IUCN Red List (version 2009.1) - Bufo bufo (Common Toad)


----------



## cai508 (Jul 17, 2009)

does anyone know if fire bellyd toads will be easyer to keep than common toads because i am interesten in buying some


----------



## Captainmatt29 (Feb 28, 2009)

knighty said:


> yes it is legal however it is very hard to provide them with good husbandary in captivity, and are better suited to being left to roam in the garden.
> 
> If you are going to keep them They need to be kept quiet cool (cant stress that enough, high temps will kill them) require alot of space, a fesh source of water, good ventilation and a good supplymented diet.
> 
> ...


This is absolutely correct, our toads have fresh water and food along with eco earth as a substrate which they like to burrow into.

They are hard to care for when it comes to the young because they get bullied so make sure they are all of a similar size.


----------



## Captainmatt29 (Feb 28, 2009)

cai508 said:


> does anyone know if fire bellyd toads will be easyer to keep than common toads because i am interesten in buying some


firebellied toads are fairly easy to look after but there care isnt much different to be honest.


----------



## snowgoose (May 5, 2009)

Yes, as stated _Bufo bufo _are legal to keep in captivity. However they are protected from sale under Shedule 5 of the Wildlife and Countryside act 1981, as ammended.


----------



## knighty (Feb 27, 2008)

messengermatt said:


> firebellied toads are fairly easy to look after but there care isnt much different to be honest.

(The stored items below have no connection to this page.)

definition connected_graph :: "'a set \<Rightarrow> ('a \<Rightarrow> 'a \<Rightarrow> bool) \<Rightarrow> bool" where
  "connected_graph V E \<longleftrightarrow> V \<noteq> {} \<and>
     (\<forall>u\<in>V. \<forall>v\<in>V. \<exists>p. walk V E p \<and> hd p = u \<and> last p = v)"

definition gdist :: "'a set \<Rightarrow> ('a \<Rightarrow> 'a \<Rightarrow> bool) \<Rightarrow> 'a \<Rightarrow> 'a \<Rightarrow> nat" where
  "gdist V E u v = (LEAST n. \<exists>p. walk V E p \<and> hd p = u \<and> last p = v \<and> length p = Suc n)"

definition automorphism :: "'a set \<Rightarrow> ('a \<Rightarrow> 'a \<Rightarrow> bool) \<Rightarrow> ('a \<Rightarrow> 'a) \<Rightarrow> bool" where
  "automorphism V E \<phi> \<longleftrightarrow> bij_betw \<phi> V V \<and>
     (\<forall>u\<in>V. \<forall>v\<in>V. E (\<phi> u) (\<phi> v) \<longleftrightarrow> E u v)"

definition closer :: "'a set \<Rightarrow> ('a \<Rightarrow> 'a \<Rightarrow> bool) \<Rightarrow> 'a \<Rightarrow> 'a \<Rightarrow> 'a set" where
  "closer V E x y = {v \<in> V. gdist V E v x < gdist V E v y}"

definition equidist :: "'a set \<Rightarrow> ('a \<Rightarrow> 'a \<Rightarrow> bool) \<Rightarrow> 'a \<Rightarrow> 'a \<Rightarrow> 'a set" where
  "equidist V E x y = {v \<in> V. gdist V E v x = gdist V E v y}"

text \<open>A reflection from x to y. The condition on edges says: the set of edges
  between V_x^y and V_y^x equals {{x', \<phi> x'} : x' \<in> V_x^y}.\<close>
definition reflection :: "'a set \<Rightarrow> ('a \<Rightarrow> 'a \<Rightarrow> bool) \<Rightarrow> 'a \<Rightarrow> 'a \<Rightarrow> ('a \<Rightarrow> 'a) \<Rightarrow> bool" where
  "reflection V E x y \<phi> \<longleftrightarrow>
     automorphism V E \<phi> \<and>
     (\<forall>v\<in>V. \<phi> (\<phi> v) = v) \<and>
     \<phi> x = y \<and>
     (\<forall>u\<in>closer V E x y. \<forall>w\<in>closer V E y x. E u w \<longleftrightarrow> w = \<phi> u) \<and>
     (\<forall>u\<in>closer V E x y. \<phi> u \<in> closer V E y x \<and> E u (\<phi> u)) \<and>
     (\<forall>v\<in>equidist V E x y. \<phi> v = v)"

definition reflective :: "'a set \<Rightarrow> ('a \<Rightarrow> 'a \<Rightarrow> bool) \<Rightarrow> bool" where
  "reflective V E \<longleftrightarrow> (\<forall>x\<in>V. \<forall>y\<in>V. E x y \<longrightarrow> (\<exists>\<phi>. reflection V E x y \<phi>))"

definition cart_edges :: "('a \<Rightarrow> 'a \<Rightarrow> bool) \<Rightarrow> ('b \<Rightarrow> 'b \<Rightarrow> bool) \<Rightarrow> 'a \<times> 'b \<Rightarrow> 'a \<times> 'b \<Rightarrow> bool" where
  "cart_edges E1 E2 p q \<longleftrightarrow>
     (fst p = fst q \<and> E2 (snd p) (snd q)) \<or> (E1 (fst p) (fst q) \<and> snd p = snd q)"

end

theory Submission
  imports Defs
begin

(* In the cartesian product, d((u,v),(u',v')) = d1(u,u') + d2(v,v'). Hence for an edge
   (a,b) -- (a',b) of the first kind the sets V_x^y and V^xy are the products of the corresponding
   sets of G1 with V2, and a reflection psi of G1 yields the reflection psi x id of the product.
   Conversely, a reflection Phi of the product for this edge preserves second coordinates: it
   matches each vertex of V_x^y with an adjacent vertex of V_y^x, whose first coordinate differs,
   so the matching edge is a G1-edge; vertices of V_y^x are handled through the involution, and
   V^xy is fixed. So Phi restricts to a reflection of G1 on the fibre V1 x {b}. Edges of the second
   kind reduce to the first kind via the coordinate swap, an isomorphism of products, and
   isomorphisms carry reflections to reflections. *)

inductive reach :: "'a set \<Rightarrow> ('a \<Rightarrow> 'a \<Rightarrow> bool) \<Rightarrow> 'a \<Rightarrow> 'a \<Rightarrow> nat \<Rightarrow> bool"
  for V E where
  reach_refl: "u \<in> V \<Longrightarrow> reach V E u u 0"
| reach_step: "reach V E u v n \<Longrightarrow> E v w \<Longrightarrow> w \<in> V \<Longrightarrow> reach V E u w (Suc n)"

lemma walk_append_singleton:
  assumes "q \<noteq> []"
  shows "walk V E (q @ [w]) \<longleftrightarrow> walk V E q \<and> E (last q) w \<and> w \<in> V"
proof -
  have last_q: "(q @ [w]) ! (length q - 1) = last q" "(q @ [w]) ! Suc (length q - 1) = w"
    using assms by (simp_all add: last_conv_nth nth_append)
  have "(\<forall>i. Suc i < length (q @ [w]) \<longrightarrow> E ((q @ [w]) ! i) ((q @ [w]) ! Suc i)) \<longleftrightarrow>
        (\<forall>i. Suc i < length q \<longrightarrow> E (q ! i) (q ! Suc i)) \<and> E (last q) w"
    (is "(\<forall>i. ?l i) \<longleftrightarrow> (\<forall>i. ?r i) \<and> _")
  proof (intro iffI conjI allI impI)
    fix i
    assume l: "\<forall>i. ?l i" and i: "Suc i < length q"
    show "E (q ! i) (q ! Suc i)"
      using l[rule_format, of i] i by (simp add: nth_append)
  next
    assume "\<forall>i. ?l i"
    then show "E (last q) w"
      using assms last_q by (metis Suc_pred' length_append_singleton length_greater_0_conv lessI)
  next
    fix i
    assume r: "(\<forall>i. ?r i) \<and> E (last q) w" and i: "Suc i < length (q @ [w])"
    show "E ((q @ [w]) ! i) ((q @ [w]) ! Suc i)"
    proof (cases "Suc i < length q")
      case True
      then show ?thesis using r by (simp add: nth_append)
    next
      case False
      then have "i = length q - 1"
        using i by simp
      then show ?thesis using r last_q by simp
    qed
  qed
  then show ?thesis
    using assms unfolding walk_def by auto
qed

lemma reach_iff_walk:
  "reach V E u v n \<longleftrightarrow> (\<exists>p. walk V E p \<and> hd p = u \<and> last p = v \<and> length p = Suc n)"
proof
  assume "reach V E u v n"
  then show "\<exists>p. walk V E p \<and> hd p = u \<and> last p = v \<and> length p = Suc n"
  proof (induction rule: reach.induct)
    case (reach_refl u)
    then show ?case by (intro exI[of _ "[u]"]) (auto simp: walk_def)
  next
    case (reach_step u v n w)
    then obtain p where p: "walk V E p" "hd p = u" "last p = v" "length p = Suc n"
      by blast
    then have "p \<noteq> []"
      by auto
    with p reach_step.hyps show ?case
      by (intro exI[of _ "p @ [w]"]) (simp add: walk_append_singleton)
  qed
next
  assume "\<exists>p. walk V E p \<and> hd p = u \<and> last p = v \<and> length p = Suc n"
  then obtain p where "walk V E p" "hd p = u" "last p = v" "length p = Suc n"
    by blast
  then show "reach V E u v n"
  proof (induction p arbitrary: v n rule: rev_induct)
    case Nil
    then show ?case by simp
  next
    case (snoc w q)
    show ?case
    proof (cases "q = []")
      case True
      then show ?thesis using snoc.prems by (auto simp: walk_def intro: reach_refl)
    next
      case False
      with snoc.prems have q: "walk V E q" "E (last q) w" "w \<in> V"
        by (simp_all add: walk_append_singleton)
      moreover have "hd q = u"
        using False snoc.prems(2) by simp
      ultimately have "reach V E u (last q) (length q - 1)"
        using False by (intro snoc.IH) auto
      from reach_step[OF this q(2,3)] False snoc.prems show ?thesis
        by simp
    qed
  qed
qed

lemma gdist_eq_Least_reach: "gdist V E u v = (LEAST n. reach V E u v n)"
  unfolding gdist_def reach_iff_walk ..

lemma gdist_le_reach: "reach V E u v n \<Longrightarrow> gdist V E u v \<le> n"
  unfolding gdist_eq_Least_reach by (rule Least_le)

lemma reach_gdist: "reach V E u v n \<Longrightarrow> reach V E u v (gdist V E u v)"
  unfolding gdist_eq_Least_reach by (rule LeastI)

lemma reach_vertices: "reach V E u v n \<Longrightarrow> u \<in> V \<and> v \<in> V"
  by (induction rule: reach.induct) auto

lemma reach_trans: "reach V E v w n \<Longrightarrow> reach V E u v m \<Longrightarrow> reach V E u w (m + n)"
  by (induction rule: reach.induct) (auto intro: reach_step)

lemma reach_edge: "E u v \<Longrightarrow> u \<in> V \<Longrightarrow> v \<in> V \<Longrightarrow> reach V E u v 1"
  using reach_step[OF reach_refl] by fastforce

lemma gdist_self: "u \<in> V \<Longrightarrow> gdist V E u u = 0"
  using gdist_le_reach[OF reach_refl] by auto

lemma gdist_edge: "E u v \<Longrightarrow> u \<in> V \<Longrightarrow> v \<in> V \<Longrightarrow> gdist V E u v \<le> 1"
  using gdist_le_reach[OF reach_edge] by auto

lemma connected_graph_reach:
  assumes "connected_graph V E" "u \<in> V" "v \<in> V"
  shows "reach V E u v (gdist V E u v)"
proof -
  obtain p where "walk V E p" "hd p = u" "last p = v"
    using assms unfolding connected_graph_def by blast
  moreover from this have "length p = Suc (length p - 1)"
    by (simp add: walk_def)
  ultimately have "reach V E u v (length p - 1)"
    unfolding reach_iff_walk by blast
  then show ?thesis
    by (rule reach_gdist)
qed

lemma gdist_triangle:
  assumes "connected_graph V E" "u \<in> V" "v \<in> V" "w \<in> V"
  shows "gdist V E u w \<le> gdist V E u v + gdist V E v w"
  using assms by (intro gdist_le_reach reach_trans[of V E v w _ u] connected_graph_reach)

definition graph_hom :: "'a set \<Rightarrow> ('a \<Rightarrow> 'a \<Rightarrow> bool) \<Rightarrow> 'b set \<Rightarrow> ('b \<Rightarrow> 'b \<Rightarrow> bool) \<Rightarrow> ('a \<Rightarrow> 'b) \<Rightarrow> bool"
  where "graph_hom V E W F f \<longleftrightarrow> (\<forall>u\<in>V. f u \<in> W) \<and> (\<forall>u\<in>V. \<forall>v\<in>V. E u v \<longrightarrow> F (f u) (f v))"

definition graph_iso ::
  "'a set \<Rightarrow> ('a \<Rightarrow> 'a \<Rightarrow> bool) \<Rightarrow> 'b set \<Rightarrow> ('b \<Rightarrow> 'b \<Rightarrow> bool) \<Rightarrow> ('a \<Rightarrow> 'b) \<Rightarrow> ('b \<Rightarrow> 'a) \<Rightarrow> bool"
  where "graph_iso V E W F f g \<longleftrightarrow> graph_hom V E W F f \<and> graph_hom W F V E g \<and>
    (\<forall>u\<in>V. g (f u) = u) \<and> (\<forall>w\<in>W. f (g w) = w)"

lemma graph_iso_sym: "graph_iso V E W F f g \<Longrightarrow> graph_iso W F V E g f"
  unfolding graph_iso_def by blast

lemma graph_iso_edge_iff:
  assumes "graph_iso V E W F f g" "u \<in> V" "v \<in> V"
  shows "F (f u) (f v) \<longleftrightarrow> E u v"
proof
  assume "F (f u) (f v)"
  moreover have "f u \<in> W" "f v \<in> W"
    using assms by (simp_all add: graph_iso_def graph_hom_def)
  ultimately have "E (g (f u)) (g (f v))"
    using assms(1) by (simp add: graph_iso_def graph_hom_def)
  then show "E u v"
    using assms by (simp add: graph_iso_def)
next
  assume "E u v"
  then show "F (f u) (f v)"
    using assms by (simp add: graph_iso_def graph_hom_def)
qed

lemma graph_iso_comp:
  "graph_iso V E W F f g \<Longrightarrow> graph_iso W F X G f' g' \<Longrightarrow> graph_iso V E X G (f' \<circ> f) (g \<circ> g')"
  unfolding graph_iso_def graph_hom_def by auto

lemma involutive_automorphism_iff_graph_iso:
  "automorphism V E \<phi> \<and> (\<forall>v\<in>V. \<phi> (\<phi> v) = v) \<longleftrightarrow> graph_iso V E V E \<phi> \<phi>"
proof
  assume "automorphism V E \<phi> \<and> (\<forall>v\<in>V. \<phi> (\<phi> v) = v)"
  then show "graph_iso V E V E \<phi> \<phi>"
    unfolding automorphism_def graph_iso_def graph_hom_def by (auto dest: bij_betwE)
next
  assume iso: "graph_iso V E V E \<phi> \<phi>"
  then have "bij_betw \<phi> V V"
    by (intro bij_betw_byWitness[of V \<phi> \<phi>]) (auto simp: graph_iso_def graph_hom_def)
  with iso show "automorphism V E \<phi> \<and> (\<forall>v\<in>V. \<phi> (\<phi> v) = v)"
    unfolding automorphism_def by (simp add: graph_iso_edge_iff) (simp add: graph_iso_def)
qed

lemma reach_graph_hom: "reach V E u v n \<Longrightarrow> graph_hom V E W F f \<Longrightarrow> reach W F (f u) (f v) n"
proof (induction rule: reach.induct)
  case (reach_refl u)
  then show ?case by (simp add: graph_hom_def reach.reach_refl)
next
  case (reach_step u v n w)
  then show ?case
    using reach_vertices[OF reach_step.hyps(1)] unfolding graph_hom_def
    by (blast intro: reach.reach_step)
qed

lemma gdist_graph_iso:
  assumes "graph_iso V E W F f g" "u \<in> V" "v \<in> V"
  shows "gdist W F (f u) (f v) = gdist V E u v"
proof -
  have "reach W F (f u) (f v) = reach V E u v"
  proof (intro ext iffI)
    fix n
    assume "reach W F (f u) (f v) n"
    then show "reach V E u v n"
      using assms reach_graph_hom[of W F "f u" "f v" n V E g] unfolding graph_iso_def by auto
  next
    fix n
    assume "reach V E u v n"
    then show "reach W F (f u) (f v) n"
      using assms reach_graph_hom[of V E u v n W F f] unfolding graph_iso_def by auto
  qed
  then show ?thesis
    unfolding gdist_eq_Least_reach by simp
qed

lemma closer_disjoint: "u \<in> closer V E x y \<Longrightarrow> u \<notin> closer V E y x"
  unfolding closer_def by auto

lemma graph_iso_Collect: "graph_iso V E W F f g \<Longrightarrow> {w \<in> W. P w} = f ` {v \<in> V. P (f v)}"
  unfolding graph_iso_def graph_hom_def by (auto intro!: image_eqI)

lemma closer_graph_iso:
  "graph_iso V E W F f g \<Longrightarrow> x \<in> V \<Longrightarrow> y \<in> V \<Longrightarrow> closer W F (f x) (f y) = f ` closer V E x y"
  unfolding closer_def by (simp add: graph_iso_Collect gdist_graph_iso cong: conj_cong)

lemma equidist_graph_iso:
  "graph_iso V E W F f g \<Longrightarrow> x \<in> V \<Longrightarrow> y \<in> V \<Longrightarrow> equidist W F (f x) (f y) = f ` equidist V E x y"
  unfolding equidist_def by (simp add: graph_iso_Collect gdist_graph_iso cong: conj_cong)

lemma reflection_graph_iso: "reflection V E x y \<phi> \<Longrightarrow> graph_iso V E V E \<phi> \<phi>"
  unfolding reflection_def by (simp add: involutive_automorphism_iff_graph_iso[symmetric])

there care is different. they need a more aquatic set up, higher temps and humidity and smaller foods. uk toads are not very aquatic but FBTs will spend most of there time in the water, which will need to idealy be filtered. i have kept these in the past and they are great amphibians. 

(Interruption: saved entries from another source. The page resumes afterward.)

(* Let $m,n$ be positive integers and equip the special orthogonal group $\mathrm{SO}(m+n)$ with the bi-invariant Riemannian metric given on its Lie algebra $\mathfrak{so}(m+n)$ by $g(X,Y)=\operatorname{trace}(X^tY)$. For $x\in\mathrm{SO}(m+n)$ let $x_{ij}$ denote its matrix entries, and for $1\le j,\alpha\le m+n$ define $\hat\phi_{j\alpha}:\mathrm{SO}(m+n)\to\mathbb{R}$ by $$\hat\phi_{j\alpha}(x)=\sum_{t=1}^{m}x_{jt}\,x_{\alpha t}.$$ Then for all $1\le j,k,\alpha,\beta\le m+n$, the tension field $\hat\tau$ and the conformality operator $\hat\kappa$ on $\mathrm{SO}(m+n)$ satisfy $$\hat\tau(\hat\phi_{j\alpha})=-(m+n)\,\hat\phi_{j\alpha}+\delta_{j\alpha}\, m,$$ $$\hat\kappa(\hat\phi_{j\alpha},\hat\phi_{k\beta})=-\big(\hat\phi_{j\beta}\,\hat\phi_{k\alpha}+\hat\phi_{jk}\,\hat\phi_{\alpha\beta}\big)+\tfrac12\big(\delta_{jk}\,\hat\phi_{\alpha\beta}+\delta_{\alpha\beta}\,\hat\phi_{jk}+\delta_{j\beta}\,\hat\phi_{k\alpha}+\delta_{k\alpha}\,\hat\phi_{j\beta}\big).$$
   Context: For a Riemannian manifold $(M,g)$, extend $g$ complex-bilinearly to the complexified tangent bundle. The tension field (Laplace–Beltrami operator) acts on complex-valued functions by $\tau(\phi)=\operatorname{div}(\nabla\phi)$, locally $\tau(\phi)=\sum_{i,j}\frac{1}{\sqrt{|g|}}\partial_{x_j}\big(g^{ij}\sqrt{|g|}\,\partial_{x_i}\phi\big)$, and the conformality operator is the complex-bilinear form $\kappa(\phi,\psi)=g(\nabla\phi,\nabla\psi)=\sum_{i,j}g^{ij}\partial_{x_i}\phi\,\partial_{x_j}\psi$. $\delta$ denotes the Kronecker delta. *)

theory Defs
  imports "HOL-Analysis.Analysis"
begin

text \<open>Real N x N matrices are represented as functions nat => nat => real;
  only entries with indices below N are meaningful (0-based indexing).\<close>

type_synonym rmat = "nat \<Rightarrow> nat \<Rightarrow> real"

definition mmult :: "nat \<Rightarrow> rmat \<Rightarrow> rmat \<Rightarrow> rmat" where
  "mmult N A B = (\<lambda>i j. \<Sum>k<N. A i k * B k j)"

definition mid :: rmat where
  "mid = (\<lambda>i j. if i = j then 1 else 0)"

definition mtrans :: "rmat \<Rightarrow> rmat" where
  "mtrans A = (\<lambda>i j. A j i)"

fun mpow :: "nat \<Rightarrow> rmat \<Rightarrow> nat \<Rightarrow> rmat" where
  "mpow N A 0 = mid"
| "mpow N A (Suc k) = mmult N (mpow N A k) A"

definition mexp :: "nat \<Rightarrow> rmat \<Rightarrow> rmat" where
  "mexp N A = (\<lambda>i j. \<Sum>k. mpow N A k i j / fact k)"

definition mdet :: "nat \<Rightarrow> rmat \<Rightarrow> real" where
  "mdet N A = (\<Sum>p\<in>{p. p permutes {..<N}}. of_int (sign p) * (\<Prod>i<N. A i (p i)))"

definition SO :: "nat \<Rightarrow> rmat set" where
  "SO N = {x. (\<forall>i j. (N \<le> i \<or> N \<le> j) \<longrightarrow> x i j = 0)
              \<and> (\<forall>i<N. \<forall>j<N. mmult N (mtrans x) x i j = mid i j)
              \<and> mdet N x = 1}"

if this is to be your first toad/frog i would recomend these.


----------



## Barney_M (Apr 2, 2008)

please release them. it is legal bu why keep them? they are best off in the wild. uk amphibians and reptles arnt doing too ell so the more there is in the wild the better.


----------



## knighty (Feb 27, 2008)

Barney_M said:


> please release them. it is legal bu why keep them? they are best off in the wild. uk amphibians and reptles arnt doing too ell so the more there is in the wild the better.


i totally agree but if people are not going to i want to at least give them advice so as the toads stand half a chance.


----------



## TheToad888 (Dec 18, 2008)

It is legal. But as babies... Could they settle in? This question has pretty much all been answered.


----------



## Barney_M (Apr 2, 2008)

yes i suppose babies would settle in like any wild caught reptile but i would much rather these were released giving brtihs amphibians a better chance of survival and hs ewent to a pet store and spent £10 on a captive bred fire belly toad, american toad or somethig of that nature.


----------



## cai508 (Jul 17, 2009)

i thaught about what you all said and, i just reliesed the 3 toads and i am going to buy fire bellied toads.


----------



## Scarlet_Rain (Jan 16, 2009)

I have 2 european toads which need licenses to collect and bring over but as I bought them form a shop I am ok with the receipt.

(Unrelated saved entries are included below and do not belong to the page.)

lemma symmetric_on_left_inverse_right_inverse:
  assumes "symmetric_on I X" "symmetric_on I Q"
    and "\<And>i j. i \<in> I \<Longrightarrow> j \<in> I \<Longrightarrow> mat_mult_on I X Q i j = id_mat i j"
    and "i \<in> I" "j \<in> I"
  shows "mat_mult_on I Q X i j = id_mat i j"
  using mat_mult_on_transpose[OF assms(2,1,4,5)] assms(3)[OF assms(5,4)]
  by (simp add: id_mat_def eq_commute)

lemma left_inverse_eq_right_inverse:
  assumes fin: "finite I"
    and left: "\<And>i j. i \<in> I \<Longrightarrow> j \<in> I \<Longrightarrow> mat_mult_on I X Q i j = id_mat i j"
    and right: "\<And>i j. i \<in> I \<Longrightarrow> j \<in> I \<Longrightarrow> mat_mult_on I Q Y i j = id_mat i j"
    and "i \<in> I" "j \<in> I"
  shows "X i j = Y i j"
proof -
  have "X i j = mat_mult_on I X id_mat i j"
    using mat_mult_on_id_right[OF fin \<open>j \<in> I\<close>] by simp
  also have "\<dots> = mat_mult_on I X (mat_mult_on I Q Y) i j"
    using right \<open>j \<in> I\<close> by (intro mat_mult_on_cong) auto
  also have "\<dots> = mat_mult_on I (mat_mult_on I X Q) Y i j"
    by (simp add: mat_mult_on_assoc)
  also have "\<dots> = Y i j"
    using mat_mult_on_id_left[OF fin \<open>i \<in> I\<close>] left \<open>i \<in> I\<close> by (auto cong: mat_mult_on_cong)
  finally show ?thesis .
qed

lemma inv_square_commute:
  assumes fin: "finite I" and "symmetric_on I Q" and sym: "symmetric_on I M"
    and inv: "\<And>i j. i \<in> I \<Longrightarrow> j \<in> I \<Longrightarrow> mat_mult_on I (mat_mult_on I M M) Q i j = id_mat i j"
    and "i \<in> I" "m \<in> I"
  shows "mat_mult_on I Q M i m = mat_mult_on I M Q i m"
proof -
  define X where "X = mat_mult_on I M M"
  have right_inv: "mat_mult_on I Q X i j = id_mat i j" if "i \<in> I" "j \<in> I" for i j
    using symmetric_on_left_inverse_right_inverse[OF symmetric_on_mat_mult_on_self[OF sym] assms(2) inv that]
    unfolding X_def .
  have "mat_mult_on I Q M i m = mat_mult_on I (mat_mult_on I Q M) id_mat i m"
    using mat_mult_on_id_right[OF fin \<open>m \<in> I\<close>] by simp
  also have "\<dots> = mat_mult_on I (mat_mult_on I Q M) (mat_mult_on I X Q) i m"
    using inv \<open>m \<in> I\<close> unfolding X_def by (intro mat_mult_on_cong) auto
  also have "\<dots> = mat_mult_on I (mat_mult_on I (mat_mult_on I Q X) M) Q i m"
    unfolding X_def by (simp add: mat_mult_on_assoc cong: mat_mult_on_cong)
  also have "\<dots> = mat_mult_on I M Q i m"
    using mat_mult_on_id_left[OF fin \<open>i \<in> I\<close>] right_inv \<open>i \<in> I\<close>
    by (auto cong: mat_mult_on_cong)
  finally show ?thesis .
qed

text \<open>Commuting positive definite square roots agree: with \<open>w\<close> a column of \<open>M - M'\<close>,
  \<open>(M + M') w = 0\<close>, while \<open>M + M'\<close> is positive definite.\<close>
lemma pos_def_on_sqrt_unique:
  assumes "pos_def_on I M" "pos_def_on I M'"
    and comm: "\<And>i j. i \<in> I \<Longrightarrow> j \<in> I \<Longrightarrow> mat_mult_on I M M' i j = mat_mult_on I M' M i j"
    and square: "\<And>i j. i \<in> I \<Longrightarrow> j \<in> I \<Longrightarrow> mat_mult_on I M M i j = mat_mult_on I M' M' i j"
    and "l \<in> I" "m \<in> I"
  shows "M l m = M' l m"
proof (rule ccontr)
  assume "M l m \<noteq> M' l m"
  define w where "w p = M p m - M' p m" for p
  have "\<exists>i\<in>I. w i \<noteq> 0" using \<open>M l m \<noteq> M' l m\<close> \<open>l \<in> I\<close> unfolding w_def by auto
  then have "0 < (\<Sum>i\<in>I. \<Sum>j\<in>I. w i * M i j * w j) + (\<Sum>i\<in>I. \<Sum>j\<in>I. w i * M' i j * w j)"
    using assms(1,2) unfolding pos_def_on_def by (simp add: add_pos_pos)
  also have "\<dots> = inner_on I w (mat_vec_on I (\<lambda>i j. M i j + M' i j) w)"
    unfolding quad_form_eq_inner_on[symmetric] by (simp add: algebra_simps sum.distrib)
  also have "\<dots> = 0"
  proof -
    have "mat_vec_on I (\<lambda>i j. M i j + M' i j) w i
        = mat_mult_on I M M i m - mat_mult_on I M' M' i m + mat_mult_on I M' M i m - mat_mult_on I M M' i m"
      for i
      unfolding mat_vec_on_def mat_mult_on_def w_def by (simp add: algebra_simps sum.distrib sum_subtractf)
    then show ?thesis unfolding inner_on_def using comm square \<open>m \<in> I\<close> by simp
  qed
  finally show False by simp
qed

lemma inv_sqrt_on_eqI:
  assumes fin: "finite I" and symQ: "symmetric_on I Q"
    and zero: "\<And>i j. i \<notin> I \<or> j \<notin> I \<Longrightarrow> M i j = 0" and pd: "pos_def_on I M"
    and inv: "\<And>i j. i \<in> I \<Longrightarrow> j \<in> I \<Longrightarrow> mat_mult_on I (mat_mult_on I M M) Q i j = id_mat i j"
    and comm: "\<And>N i j. (\<And>i j. i \<in> I \<Longrightarrow> j \<in> I \<Longrightarrow> mat_mult_on I N Q i j = mat_mult_on I Q N i j) \<Longrightarrow>
           i \<in> I \<Longrightarrow> j \<in> I \<Longrightarrow> mat_mult_on I N M i j = mat_mult_on I M N i j"
  shows "inv_sqrt_on I Q = M"
  unfolding inv_sqrt_on_def
proof (rule the_equality)
  show "(\<forall>i j. i \<notin> I \<or> j \<notin> I \<longrightarrow> M i j = 0) \<and> pos_def_on I M \<and>
        (\<forall>i\<in>I. \<forall>j\<in>I. mat_mult_on I (mat_mult_on I M M) Q i j = (if i = j then 1 else 0))"
    using zero pd inv by (simp add: id_mat_def)
  fix M'
  assume "(\<forall>i j. i \<notin> I \<or> j \<notin> I \<longrightarrow> M' i j = 0) \<and> pos_def_on I M' \<and>
        (\<forall>i\<in>I. \<forall>j\<in>I. mat_mult_on I (mat_mult_on I M' M') Q i j = (if i = j then 1 else 0))"
  then have zero': "\<And>i j. i \<notin> I \<or> j \<notin> I \<Longrightarrow> M' i j = 0" and pd': "pos_def_on I M'"
    and inv': "\<And>i j. i \<in> I \<Longrightarrow> j \<in> I \<Longrightarrow> mat_mult_on I (mat_mult_on I M' M') Q i j = id_mat i j"
    by (auto simp: id_mat_def)
  have sym: "symmetric_on I M" and sym': "symmetric_on I M'"
    using pd pd' unfolding pos_def_on_def symmetric_on_def by auto
  have square: "mat_mult_on I M' M' i j = mat_mult_on I M M i j" if "i \<in> I" "j \<in> I" for i j
    using left_inverse_eq_right_inverse[OF fin inv'
        symmetric_on_left_inverse_right_inverse[OF symmetric_on_mat_mult_on_self[OF sym] symQ inv] that] .
  have "mat_mult_on I M' M i j = mat_mult_on I M M' i j" if "i \<in> I" "j \<in> I" for i j
  proof (rule comm[OF _ that])
    show "mat_mult_on I M' Q i j = mat_mult_on I Q M' i j" if "i \<in> I" "j \<in> I" for i j
      using inv_square_commute[OF fin symQ sym' inv' that] by simp
  qed
  then have "M' i j = M i j" if "i \<in> I" "j \<in> I" for i j
    using pos_def_on_sqrt_unique[OF pd' pd _ square that] by blast
  then show "M' = M" using zero zero' by (intro ext) (metis (full_types))
qed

I keep mine in a fish tank type enclosure which has a long metal vent running across the back and a bar lid which ensures plenty of ventilation. I keep mine in a cold room away from the heat and they love it!

I would not keep any british species unless I was planning on breeding them and then releasing the spawn or baby frogs, its a nice thing to do to help conserve them but I wouldn't bother keeping them as pets as they will be much happier in the garden.

I keep mine on a soil substrate with fresh moss I collect form my area and a tub in which they can swim in if they want too.


----------



## ex0tics (Jun 9, 2009)

Keeping in captivity doesn't tend to give them the necessary life they need but it is perfectly legal.


----------



## ex0tics (Jun 9, 2009)

Scarlet_Rain said:


> I have 2 european toads which need licenses to collect and bring over but as I bought them form a shop I am ok with the receipt.
> 
> I keep mine in a fish tank type enclosure which has a long metal vent running across the back and a bar lid which ensures plenty of ventilation. I keep mine in a cold room away from the heat and they love it!
> 
> ...


I believe releasing CB native wildlife is illegal atleast I think it's true with slow worms so I don't understand why it wouldn't apply to amphibians I can't back this up but if you can prove to me I'm wrong I would be happy to listen:2thumb:


----------



## kettykev (May 15, 2009)

Suprised you think Toads are rare around here Matt, maybe around your house but 10 miles away I counted 230 in one pond in March.
Many amphibians on shop price lists are down as WC wild caught, if they can settle in to captivity then no reason why WC uk toads would not.


----------



## knighty (Feb 27, 2008)

Glad you released the lil guys!

Realeasing CB into the wild is a very risky thing to do, it can spred deseases and should be left to the people running breading programes. The frogs they use arent acclimatised to indoor enclosures, they are kept much more naturally so as they can fit in when released.


----------



## Matt Harris (Aug 21, 2007)

ex0tics said:


> I believe releasing CB native wildlife is illegal atleast I think it's true with slow worms so I don't understand why it wouldn't apply to amphibians I can't back this up but if you can prove to me I'm wrong I would be happy to listen:2thumb:


There is no wildlife law against releasing cb UK natives, although there may be animal welfare issues such as reckless abandonment etc if you just dump them in the middle of Sainsbury's car park.

As above though, it is not wise to release natives that are LTC or cb, especially if you have non-natives in captivity also.


----------